Generate sinusoid stimuli

Sinusoid $ I(\mathbf{x}) = A \cos(\mathbf{\omega} \mathbf{x} + \rho) $

$ A $ is the amplitude, $ \rho $ is the phase, and $ \mathbf{\omega} $ is the frequency.

In [2]:
def genSinusoid(sz, A, omega, rho):
    # Generate Sinusoid grating
    # sz: size of generated image (width, height)
    radius = (int(sz[0]/2.0), int(sz[1]/2.0))
    [x, y] = np.meshgrid(range(-radius[0], radius[0]+1), range(-radius[1], radius[1]+1)) # a BUG is fixed in this line

    stimuli = A * np.cos(omega[0] * x  + omega[1] * y + rho)
    return stimuli

theta = np.pi/4
omega = [np.cos(theta), np.sin(theta)]
sinusoidParam = {'A':1, 'omega':omega, 'rho':np.pi/2, 'sz':(32,32)}
myimshow(genSinusoid(**sinusoidParam)) 
# ** is a special syntax in python, which enables passing a key-value dictionary as parameter

Generate gabor filter

A general type of Gabor filter[1] can be defined:
$$ g(x,y;\lambda,\theta,\psi,\sigma,\gamma) = \exp\left(-\frac{x'^2+\gamma^2y'^2}{2\sigma^2}\right)\exp\left(i\left(2\pi\frac{x'}{\lambda}+\psi\right)\right) $$ [1] https://en.wikipedia.org/wiki/Gabor_filter

Here we implement a type of Gabor filter which satisfies the neurophysiological constraints for simple cells:
$$ \psi (x; \omega, \theta, K) = \left[\frac{\omega^2}{ 4 \pi K^2} \exp \{-(\omega^2/8K^2)[4(x\cdot(cos\theta, sin\theta))^2 + (x \cdot ( -sin \theta, cos \theta))^2]\} \right] \times \left[ \exp \{ iwx \cdot (cos\theta, sin\theta) \} exp(K^2/2) \right] $$

In [3]:
def genGabor(sz, omega, theta, func=np.cos, K=np.pi):
    radius = (int(sz[0]/2.0), int(sz[1]/2.0))
    [x, y] = np.meshgrid(range(-radius[0], radius[0]+1), range(-radius[1], radius[1]+1))
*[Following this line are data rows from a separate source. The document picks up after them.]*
definition epist_indep :: "'a set set \<Rightarrow> 'b set set \<Rightarrow> (('a \<times> 'b \<Rightarrow> real) \<times> ('a \<times> 'b) set) set
     \<Rightarrow> (('a \<times> 'b \<Rightarrow> real) \<Rightarrow> ('a \<times> 'b) set \<Rightarrow> ereal) \<Rightarrow> bool" where
  "epist_indep BB1 BB2 C P \<longleftrightarrow> indep_domain BB1 BB2 C \<and> coherent_lp C P \<and>
     (\<forall>(f1, B1) \<in> cond_pairs. (cyl1 f1, B1 \<times> UNIV) \<in> C \<longrightarrow>
        (\<forall>B2 \<in> BB2. P (cyl1 f1) (B1 \<times> UNIV) = P (cyl1 f1) (B1 \<times> B2))) \<and>
     (\<forall>(f2, B2) \<in> cond_pairs. (cyl2 f2, UNIV \<times> B2) \<in> C \<longrightarrow>
        (\<forall>B1 \<in> BB1. P (cyl2 f2) (UNIV \<times> B2) = P (cyl2 f2) (B1 \<times> B2)))"

definition indep_product :: "'a set set \<Rightarrow> 'b set set
     \<Rightarrow> (('a \<Rightarrow> real) \<times> 'a set) set \<Rightarrow> (('a \<Rightarrow> real) \<Rightarrow> 'a set \<Rightarrow> ereal)
     \<Rightarrow> (('b \<Rightarrow> real) \<times> 'b set) set \<Rightarrow> (('b \<Rightarrow> real) \<Rightarrow> 'b set \<Rightarrow> ereal)
     \<Rightarrow> (('a \<times> 'b \<Rightarrow> real) \<times> ('a \<times> 'b) set) set
     \<Rightarrow> (('a \<times> 'b \<Rightarrow> real) \<Rightarrow> ('a \<times> 'b) set \<Rightarrow> ereal) \<Rightarrow> bool" where
  "indep_product BB1 BB2 C1 P1 C2 P2 C P \<longleftrightarrow> epist_indep BB1 BB2 C P \<and>
     (\<forall>(f1, B1) \<in> C1. P (cyl1 f1) (B1 \<times> UNIV) = P1 f1 B1) \<and>
     (\<forall>(f2, B2) \<in> C2. P (cyl2 f2) (UNIV \<times> B2) = P2 f2 B2)"

definition indep_natext :: "'a set set \<Rightarrow> 'b set set
     \<Rightarrow> (('a \<Rightarrow> real) \<times> 'a set) set \<Rightarrow> (('a \<Rightarrow> real) \<Rightarrow> 'a set \<Rightarrow> ereal)
     \<Rightarrow> (('b \<Rightarrow> real) \<times> 'b set) set \<Rightarrow> (('b \<Rightarrow> real) \<Rightarrow> 'b set \<Rightarrow> ereal)
     \<Rightarrow> (('a \<times> 'b \<Rightarrow> real) \<times> ('a \<times> 'b) set) set
     \<Rightarrow> (('a \<times> 'b \<Rightarrow> real) \<Rightarrow> ('a \<times> 'b) set \<Rightarrow> ereal) \<Rightarrow> bool" where
  "indep_natext BB1 BB2 C1 P1 C2 P2 C P \<longleftrightarrow> indep_product BB1 BB2 C1 P1 C2 P2 C P \<and>
     (\<forall>Q. indep_product BB1 BB2 C1 P1 C2 P2 C Q \<longrightarrow> (\<forall>(f, B) \<in> C. P f B \<le> Q f B))"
    x1 = x * np.cos(theta) + y * np.sin(theta)
    y1 = -x * np.sin(theta) + y * np.cos(theta)
    
    gauss = omega**2 / (4*np.pi * K**2) * np.exp(- omega**2 / (8*K**2) * ( 4 * x1**2 + y1**2))
#     myimshow(gauss)
    sinusoid = func(omega * x1) * np.exp(K**2 / 2)
#     myimshow(sinusoid)
    gabor = gauss * sinusoid
    return gabor
        
g = genGabor((256,256), 0.3, np.pi/4, func=np.cos) 
# change func to "cos", "sin" can generate sin gabor or cos gabor, here we pass a function name as a parameter
myimshow(g)
np.mean(g)
Out[3]:
1.5140274644582022e-05

Interactive: Gabor demo

If you evaluate the next cell in your computer, you can see an interactive demo like this.

Drag the slider to change parameters, and see the change of gabor filter.

In [4]:
from IPython.html.widgets import interact, interactive, fixed
def demoGabor(theta, omega):
    myimshow(genGabor((128,128), omega, theta))
interact(demoGabor, theta=(0,np.pi,np.pi/8), omega=(0.1,1,0.1))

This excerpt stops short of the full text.